While every facet of nursing involves building relationships with patients and providing valuable care to those in need, rehab nursing offers a challenge and opportunity unlike any other. Rehab nurses are called upon to support patients in regaining strength and independence after a major injury or illness, often over a period of days, weeks, or months.
With these longer-term relationships, rehab nursing can be remarkably personal and incredibly rewarding — so let’s hear from a UPMC rehab nurse on what that experience is really like.
What makes a job rewarding? Is it the people you impact, the relationships you form with your coworkers, or the commitment you demonstrate to your profession?
For Julianne F., it’s a little bit of everything, and she wouldn’t have it any other way.
Rewarded with Relationships
Julianne has spent the past nine years as a professional staff nurse in the Stroke Rehab Unit at UPMC Mercy, and there is nowhere else she’d rather be. Julianne called her work in the Stroke Rehab Unit “the best nursing I’ve ever done.” While nurses in other units see new patients every night, or even every few hours, a patient often spends three to four weeks in Stroke Rehab. This time allows Julianne and her coworkers to develop meaningful relationships with patients — relationships that last.

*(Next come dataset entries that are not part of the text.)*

lemma Xmat_pend_not_pend:
  assumes "pend p" "\<not> pend v"
  shows "Xmat $ p $ v = w p v / pend_weight v"
proof -
  have "(Dpinv ** M) $ k $ v = 0" if "\<And>k. M $ k $ v = 0" for M k
    using that by (simp add: Dpinv_mult_left)
  moreover have "(Bmat ** (Dpinv ** Cmat)) $ k $ v = 0" for k
    using assms by (simp add: matrix_matrix_mult_def Dpinv_mult_left Cmat_def)
  ultimately have "(Ctmat ** (Dpinv ** (Bmat ** (Dpinv ** Cmat)))) $ p $ v = 0"
    by (simp add: matrix_matrix_mult_def)
  then show ?thesis
    using assms by (simp add: Xmat_def Dpinv_mult_left Dpinv_mult_right
        Cmat_def Ctmat_def)
qed

lemma Xmat_pend_pend:
  assumes p: "pend p" and q: "pend q"
  shows "Xmat $ p $ q = - (w p (parent p) * w (parent p) (parent q) * w (parent q) q)
                          / (pend_weight (parent p) * pend_weight (parent q))"
proof -
  have Ct_left: "(Ctmat ** M) $ p $ q = w p (parent p) * M $ parent p $ q" for M
  proof -
    have "(Ctmat ** M) $ p $ q = Ctmat $ p $ parent p * M $ parent p $ q"
      by (rule matrix_mul_entry_single_left) (use p parent_unique[OF p] in \<open>auto simp: Ctmat_def\<close>)
    then show ?thesis
      using p parent_not_pend[OF p] by (simp add: Ctmat_def)
  qed
  have C_right: "(Bmat ** (Dpinv ** Cmat)) $ a $ q
      = Bmat $ a $ parent q * (Dpinv ** Cmat) $ parent q $ q" for a
  proof (rule matrix_mul_entry_single_right)
    fix k
    assume "k \<noteq> parent q"
    then have "w k q = 0"
      using parent_unique_left[OF q, of k] by auto
    then show "(Dpinv ** Cmat) $ k $ q = 0"
      by (simp add: Dpinv_mult_left Cmat_def)
  qed
  have "(Ctmat ** (Dpinv ** (Bmat ** (Dpinv ** Cmat)))) $ p $ q
      = (w p (parent p) * w (parent p) (parent q) * w (parent q) q)
        / (pend_weight (parent p) * pend_weight (parent q))"
    using p q parent_not_pend[OF p] parent_not_pend[OF q]
    by (simp add: Ct_left Dpinv_mult_left C_right, simp add: Bmat_def Cmat_def Dpinv_mult_left)
  then show ?thesis
    using p q by (simp add: Xmat_def Dpinv_mult_left Dpinv_mult_right
        Cmat_def Ctmat_def)
qed

section \<open>The graph \<open>T\<^sup>#\<close>\<close>

lemma sharp_neighbours_not_pend:
  assumes "\<not> pend v"
  shows "{u. wedge (sharp_weight w) v u} = {u. wedge w v u \<and> pend u}"
  using assms weight_diag[of v] pend_weight_pos[OF assms]
  by (auto simp: wedge_def sharp_weight_eq Xmat_not_pend_row)

lemma not_star_two_not_pend:
  assumes "\<not> is_star (wedge w)" "\<not> pend v"
  shows "\<exists>v'. \<not> pend v' \<and> v' \<noteq> v"
proof (rule ccontr)
  assume only_v: "\<nexists>v'. \<not> pend v' \<and> v' \<noteq> v"
  have "wedge w v u" if "u \<noteq> v" for u
  proof -
    have u: "pend u"
      using only_v that by blast
    then have "parent u = v"
      using only_v parent_not_pend by blast
    then show ?thesis
      using adj_parent[OF u] unfolding wedge_def by simp
  qed
  with assms(1) show False
    unfolding is_star_def by blast
qed

lemma not_corona_two_pend_neighbours:
  assumes "\<not> is_corona (wedge w)"
  shows "\<exists>v p\<^sub>1 p\<^sub>2. \<not> pend v \<and> pend p\<^sub>1 \<and> pend p\<^sub>2 \<and> p\<^sub>1 \<noteq> p\<^sub>2 \<and> w v p\<^sub>1 \<noteq> 0 \<and> w v p\<^sub>2 \<noteq> 0"
proof (rule ccontr)
  assume two: "\<not> ?thesis"
  define S where "S = {v. \<not> pend v}"
  define f where "f v = (SOME u. w v u \<noteq> 0 \<and> pend u)" for v
  have f: "w v (f v) \<noteq> 0" "pend (f v)" if "\<not> pend v" for v
    using someI_ex[OF not_pend_has_pend_neighbour[OF that]] unfolding f_def by blast+
  have f_unique: "u = f v" if "\<not> pend v" "pend u" "w v u \<noteq> 0" for u v
    using two f[OF that(1)] that by blast
  have parent_f: "parent (f v) = v" if "\<not> pend v" for v
    using parent_unique_left[OF f(2)[OF that] f(1)[OF that]] by simp
  have "f ` S = UNIV - S"
  proof
    show "f ` S \<subseteq> UNIV - S"
      using f unfolding S_def by auto
    show "UNIV - S \<subseteq> f ` S"
    proof
      fix p
      assume "p \<in> UNIV - S"
      then have p: "pend p"
        unfolding S_def by auto
      have "p = f (parent p)"
        using f_unique[OF parent_not_pend[OF p] p adj_parent[OF p]] .
      then show "p \<in> f ` S"
        using parent_not_pend[OF p] unfolding S_def by blast
    qed
  qed
  moreover have "inj_on f S"
    unfolding S_def by (rule inj_onI) (metis mem_Collect_eq parent_f)
  moreover have "is_tree_on S (wedge w)"
    unfolding is_tree_on_def
  proof (intro conjI allI)
    show "S \<noteq> {}"
      using ex_not_pend unfolding S_def by auto
    show "connected_on S (wedge w)"
      using not_pend_connected unfolding connected_on_def S_def wedge_def by simp
    show "\<not> has_cycle_len_on S (wedge w) k" for k
      using no_cycle has_cycle_len_on_mono by blast
  qed
  moreover have "\<forall>s\<in>S. \<forall>x. wedge w (f s) x \<longleftrightarrow> x = s"
    using parent_unique[OF f(2)] parent_adj[OF f(2)] parent_f unfolding S_def wedge_def by auto
  ultimately have "is_corona (wedge w)"
    unfolding is_corona_def bij_betw_def by blast
  with assms show False by simp
qed

lemma sharp_4_cycle:
  assumes "\<not> is_star (wedge w)" "\<not> is_corona (wedge w)"
  shows "has_cycle_len_on UNIV (wedge (sharp_weight w)) 4"
proof -
  obtain v p\<^sub>1 p\<^sub>2 where v: "\<not> pend v" and p: "pend p\<^sub>1" "pend p\<^sub>2" "p\<^sub>1 \<noteq> p\<^sub>2"
    and vp: "w v p\<^sub>1 \<noteq> 0" "w v p\<^sub>2 \<noteq> 0"
    using not_corona_two_pend_neighbours[OF assms(2)] by blast
  obtain v' where v': "\<not> pend v'" "v' \<noteq> v"
    using not_star_two_not_pend[OF assms(1) v] by blast
  obtain u where u: "\<not> pend u" "w v u \<noteq> 0"
    using not_pend_connected[OF v v'(1)] v'(2) by (cases rule: converse_rtranclE) auto
  obtain q where q: "pend q" "w u q \<noteq> 0"
    using not_pend_has_pend_neighbour[OF u(1)] by blast
  have parents: "parent p\<^sub>1 = v" "parent p\<^sub>2 = v" "parent q = u"
    using parent_unique_left[OF p(1) vp(1)] parent_unique_left[OF p(2) vp(2)]
      parent_unique_left[OF q] by simp_all
  have pos: "pend_weight v > 0" "pend_weight u > 0"
    using pend_weight_pos u(1) v by auto
  have "w u v \<noteq> 0" "w p\<^sub>1 v \<noteq> 0" "w p\<^sub>2 v \<noteq> 0" "w q u \<noteq> 0"
    using u(2) vp q(2) weight_sym[of u v] weight_sym[of p\<^sub>1 v] weight_sym[of p\<^sub>2 v]
      weight_sym[of q u] by simp_all
  then have "Xmat $ p\<^sub>1 $ q \<noteq> 0" "Xmat $ q $ p\<^sub>2 \<noteq> 0" "Xmat $ p\<^sub>2 $ v \<noteq> 0" "Xmat $ v $ p\<^sub>1 \<noteq> 0"
    using u vp pos p q v parents
    by (simp_all add: Xmat_pend_pend Xmat_pend_not_pend Xmat_not_pend_row)
  moreover have "distinct [p\<^sub>1, q, p\<^sub>2, v]"
    using p q u v parents weight_diag[of v] by auto
  ultimately show ?thesis
    by (intro has_cycle_len_on_4I) (auto simp: wedge_def sharp_weight_eq)
qed

end

theorem corollary3p7:
  fixes w :: "'v::finite \<Rightarrow> 'v \<Rightarrow> real"
  assumes "class_T w"
  shows "(\<forall>v. \<not> pendant (wedge w) v \<longrightarrow>
            gdegree (wedge (sharp_weight w)) v = card {u. wedge w v u \<and> pendant (wedge w) u})
       \<and> (\<not> is_star (wedge w) \<and> \<not> is_corona (wedge w) \<longrightarrow>
            has_cycle_len_on UNIV (wedge (sharp_weight w)) 4)"
proof -
  interpret class_T_tree w
    using assms by unfold_locales
  show ?thesis
    using sharp_neighbours_not_pend sharp_4_cycle unfolding gdegree_def by auto
qed

end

Julianne said, “It’s very rewarding. We establish relationships and rapports, not only with the patients but with their families. When they come back for their follow-up appointments and come on the unit, you just cry and hug them.” For Julianne, the biggest reward is knowing that she has made an immense difference in the lives of her patients.
A Surprising Career Shift
Julianne graduated from college as an aspiring architect with a degree in interior design – worlds away from the Rehab Unit where she finds herself today. When Julianne struggled to find a job in her field, she began to consider nursing for the first time. With encouragement from her mom, who worked in pharmacy, Julianne spent a few days shadowing on a medical-surgical unit and instantly fell in love.

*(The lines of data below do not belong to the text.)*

lemma zigzag_map_vimage:
  "zigzag_map -` S = (\<Union>p. zigzag_region p \<inter> zigzag_branch_map p -` S)"
proof (intro equalityI subsetI)
  fix x assume "x \<in> zigzag_map -` S"
  moreover obtain p where "x \<in> zigzag_region p"
    using zigzag_regions_cover by blast
  ultimately show "x \<in> (\<Union>p. zigzag_region p \<inter> zigzag_branch_map p -` S)"
    by (auto simp: zigzag_map_eq_branch_map)
qed (auto simp: zigzag_map_eq_branch_map)

lemma semilinear_zigzag_map_image:
  assumes "semilinear S"
  shows "semilinear (zigzag_map ` S)"
  unfolding zigzag_map_image zigzag_branch_map_affine
  using assms
  by (auto simp: zigzag_slope_nonzero intro!: semilinear_Union semilinear_affine_image
      semilinear_Int semilinear_zigzag_region linear_diagonal inj_diagonal)

lemma semilinear_zigzag_map_vimage:
  assumes "semilinear S"
  shows "semilinear (zigzag_map -` S)"
  unfolding zigzag_map_vimage zigzag_branch_map_affine
  using assms
  by (auto intro!: semilinear_Union semilinear_affine_vimage
      semilinear_Int semilinear_zigzag_region linear_diagonal)

theorem lemma5p7:
  shows "\<exists>g :: real^'n \<Rightarrow> real^'n.
           g ` open_unit_cube = unit_cube \<and> polyhedral_map g \<and> open_polyhedral_map g"
proof (intro exI conjI)
  show "zigzag_map ` open_unit_cube = unit_cube"
    by (rule zigzag_map_open_cube)
  show "polyhedral_map zigzag_map"
    using continuous_zigzag_map zigzag_map_open_cube semilinear_zigzag_map_vimage
    by (intro polyhedral_map_if_semilinear_vimage) auto
  show "open_polyhedral_map zigzag_map"
    using openin_zigzag_map_image semilinear_zigzag_map_image
    by (intro open_polyhedral_map_if_semilinear_image)
qed

end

Julianne said, “I kept thinking, ‘Wow, I don’t do anything this fulfilling when I’m doing interior design. These people are really helping people.’” Motivated by this experience, she took a leap of faith and applied to nursing school, effectively changing her career path. After nursing school, Julianne began her career at the former UPMC South Side Hospital. While she didn’t find her way to the Rehab Unit for a few more years, Julianne knew that she had found her place.
Julianne’s Impact
Patients arrive in Julianne’s unit during one of the most terrifying experiences of their lives. Often, they are aphasic, or unable to communicate verbally, and in an incredibly vulnerable state. Yet thanks to the care of the unit’s diligent nurses, most patients slowly recover their cognitive and physical abilities. Julianne said that the progress most patients make between entering and exiting the Stroke Rehab Unit makes her work deeply rewarding.

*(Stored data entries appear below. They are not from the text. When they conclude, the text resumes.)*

lemma res_inner_measurable:
  assumes "\<And>j. (\<lambda>w. Y w j) \<in> borel_measurable (lborel_on I)"
  shows "(\<lambda>w. res_inner n nh m w l (Y w) h i) \<in> borel_measurable (lborel_on I)"
proof (induction h arbitrary: i)
  case (Suc h)
  have "(\<lambda>w. relu (res_inner n nh m w l (Y w) h j)) \<in> borel_measurable (lborel_on I)" for j
    using measurable_compose[OF Suc.IH relu_measurable] by (simp add: o_def)
  with assms show ?case
    by (cases h) (simp_all del: res_inner.simps add: res_inner.simps(2,3))
qed (simp add: assms)

lemma res_y_measurable[measurable]: "(\<lambda>w. res_y d n nh m \<alpha> x w l i) \<in> borel_measurable (lborel_on I)"
proof (induction l arbitrary: i)
  case (Suc l)
  then show ?case unfolding res_y.simps
    by (intro borel_measurable_add borel_measurable_times borel_measurable_const res_inner_measurable)
qed simp

lemma res_inner_input_measurable[measurable]:
  "(\<lambda>w. res_inner_input w l (res_y d n nh m \<alpha> x w l') h j) \<in> borel_measurable (lborel_on I)"
  using measurable_compose[OF res_inner_measurable[OF res_y_measurable] relu_measurable]
  by (simp add: res_inner_input_def o_def)

lemma separately_continuous_res_inner:
  assumes "\<And>j. separately_continuous (\<lambda>w. Y w j)"
  shows "separately_continuous (\<lambda>w. res_inner n nh m w l (Y w) h i)"
proof (induction h arbitrary: i)
  case (Suc h)
  with assms show ?case
    by (cases h) (simp_all del: res_inner.simps add: res_inner.simps(2,3) separately_continuous_intros)
qed (simp add: assms)

lemma separately_continuous_res_y: "separately_continuous (\<lambda>w. res_y d n nh m \<alpha> x w l i)"
proof (induction l arbitrary: i)
  case (Suc l)
  then show ?case by (simp add: separately_continuous_intros separately_continuous_res_inner)
qed (simp add: separately_continuous_intros)

text \<open>The pre-activation y^{p,h} of the paper: a block is indexed here by its input layer p, so
  it is block p + 1 of res_y and res_act.\<close>
abbreviation res_sublayer :: "(widx \<Rightarrow> real) \<Rightarrow> nat \<Rightarrow> nat \<Rightarrow> nat \<Rightarrow> real" where
  "res_sublayer w p h i \<equiv> res_inner n nh m w (Suc p) (res_y d n nh m \<alpha> x w p) h i"

lemma separately_continuous_res_sublayer: "separately_continuous (\<lambda>w. res_sublayer w p h i)"
  by (intro separately_continuous_res_inner separately_continuous_res_y)

lemma zero_stable_res_inner_input:
  assumes "1 \<le> h" "j < rdim n nh m (Suc p) (h - 1)"
    and block_input: "\<forall>j<n. zero_stable (\<lambda>w. res_y d n nh m \<alpha> x w p j) w"
    and previous: "2 \<le> h \<longrightarrow> zero_stable (\<lambda>w. res_sublayer w p (h - 1) j) w"
  shows "zero_stable (\<lambda>w. res_inner_input w (Suc p) (res_y d n nh m \<alpha> x w p) h j) w"
proof (cases "h = 1")
  case True
  with assms show ?thesis by (simp add: res_inner_input_def rdim_def)
next
  case False
  with assms have "zero_stable (\<lambda>w. sqrt 2 * relu (res_sublayer w p (h - 1) j)) w"
    by (intro zero_stable_mult_relu separately_continuous_res_sublayer) auto
  with False show ?thesis by (simp add: res_inner_input_def)
qed

lemma AE_zero_stable_res_sublayer_step:
  assumes p: "Suc p \<le> L" and h: "1 \<le> h" "h \<le> m"
  shows "AE w in lborel_on (res_idx d n nh m L dout).
           (\<forall>j<n. zero_stable (\<lambda>w. res_y d n nh m \<alpha> x w p j) w) \<longrightarrow>
           (2 \<le> h \<longrightarrow> (\<forall>j<rdim n nh m (Suc p) (h - 1). zero_stable (\<lambda>w. res_sublayer w p (h - 1) j) w)) \<longrightarrow>
           (\<forall>i<rdim n nh m (Suc p) h. zero_stable (\<lambda>w. res_sublayer w p h i) w)"
proof -
  let ?R = "rdim n nh m (Suc p) (h - 1)"
  let ?u = "\<lambda>j w. res_inner_input w (Suc p) (res_y d n nh m \<alpha> x w p) h j"
  have "AE w in lborel_on (res_idx d n nh m L dout). \<forall>i\<in>{..<rdim n nh m (Suc p) h}.
      (\<forall>j\<in>{..<?R}. zero_stable (?u j) w) \<longrightarrow> zero_stable (\<lambda>w. res_sublayer w p h i) w"
  proof (rule AE_finite_allI, simp)
    fix i assume i: "i \<in> {..<rdim n nh m (Suc p) h}"
    have "AE w in lborel_on (res_idx d n nh m L dout). (\<forall>j\<in>{..<?R}. zero_stable (?u j) w) \<longrightarrow>
        zero_stable (\<lambda>w. 1 / sqrt (real ?R) * (\<Sum>j\<in>{..<?R}. w (BMid (Suc p) h, i, j) * ?u j w)) w"
    proof (rule AE_zero_stable_linear[OF finite_res_idx])
      have "1 \<le> Suc p" by simp
      then show "(\<lambda>j. (BMid (Suc p) h, i, j)) ` {..<?R} \<subseteq> res_idx d n nh m L dout"
        using p h i unfolding res_idx_def by blast
      show "?u j \<in> borel_measurable (lborel_on (res_idx d n nh m L dout))" for j by measurable
      show "?u j (w((BMid (Suc p) h, i, j') := t)) = ?u j w" for j j' w t
        by (rule res_inner_input_update_indep[OF order.refl])
    qed (auto intro: inj_onI)
    then show "AE w in lborel_on (res_idx d n nh m L dout).
        (\<forall>j\<in>{..<?R}. zero_stable (?u j) w) \<longrightarrow> zero_stable (\<lambda>w. res_sublayer w p h i) w"
      using h by (simp only: res_inner_eq)
  qed
  then show ?thesis
  proof eventually_elim
    case (elim w)
    show ?case
    proof (intro impI allI)
      assume y: "\<forall>j<n. zero_stable (\<lambda>w. res_y d n nh m \<alpha> x w p j) w"
        and previous: "2 \<le> h \<longrightarrow> (\<forall>j<?R. zero_stable (\<lambda>w. res_sublayer w p (h - 1) j) w)"
      have "zero_stable (?u j) w" if "j < ?R" for j
        using zero_stable_res_inner_input[OF h(1) that y] previous that by blast
      then show "zero_stable (\<lambda>w. res_sublayer w p h i) w" if "i < rdim n nh m (Suc p) h" for i
        using elim that by blast
    qed
  qed
qed

lemma AE_zero_stable_res_block:
  assumes p: "Suc p \<le> L"
  shows "AE w in lborel_on (res_idx d n nh m L dout).
           (\<forall>j<n. zero_stable (\<lambda>w. res_y d n nh m \<alpha> x w p j) w) \<longrightarrow>
           (\<forall>h. 1 \<le> h \<longrightarrow> h \<le> m \<longrightarrow> (\<forall>i<rdim n nh m (Suc p) h. zero_stable (\<lambda>w. res_sublayer w p h i) w))"
proof -
  let ?Y = "\<lambda>w. \<forall>j<n. zero_stable (\<lambda>w. res_y d n nh m \<alpha> x w p j) w"
  let ?P = "\<lambda>h w. ?Y w \<longrightarrow> 1 \<le> h \<longrightarrow> (\<forall>i<rdim n nh m (Suc p) h. zero_stable (\<lambda>w. res_sublayer w p h i) w)"
  have "AE w in lborel_on (res_idx d n nh m L dout). \<forall>h\<le>m. ?P h w"
  proof (rule AE_nat_induct)
    fix h assume "h < m"
    with AE_zero_stable_res_sublayer_step[OF p, of "Suc h"]
    show "AE w in lborel_on (res_idx d n nh m L dout). ?P h w \<longrightarrow> ?P (Suc h) w"
      by (auto elim!: eventually_mono)
  qed simp
  then show ?thesis by (rule eventually_mono) blast
qed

Julianne recognizes the responsibility that she and her team carry. “I’m in multiple roles,” she said. “I’m an educator, communicator, and advocate, not just for the patient but for the families as well.” With the longer-term stays that most patients experience, “you become close with them, you advocate for them, you communicate with them, and you’re the voice for them.”
Julianne’s work in the Stroke Rehab Unit is demanding, and it requires the combined effort of medical professionals across many different disciplines. But at the end of the day, Julianne knows that it’s all worthwhile because it’s all for the people she serves. “We all work as a team for the patients, so that when they go home they can maintain that quality of life.”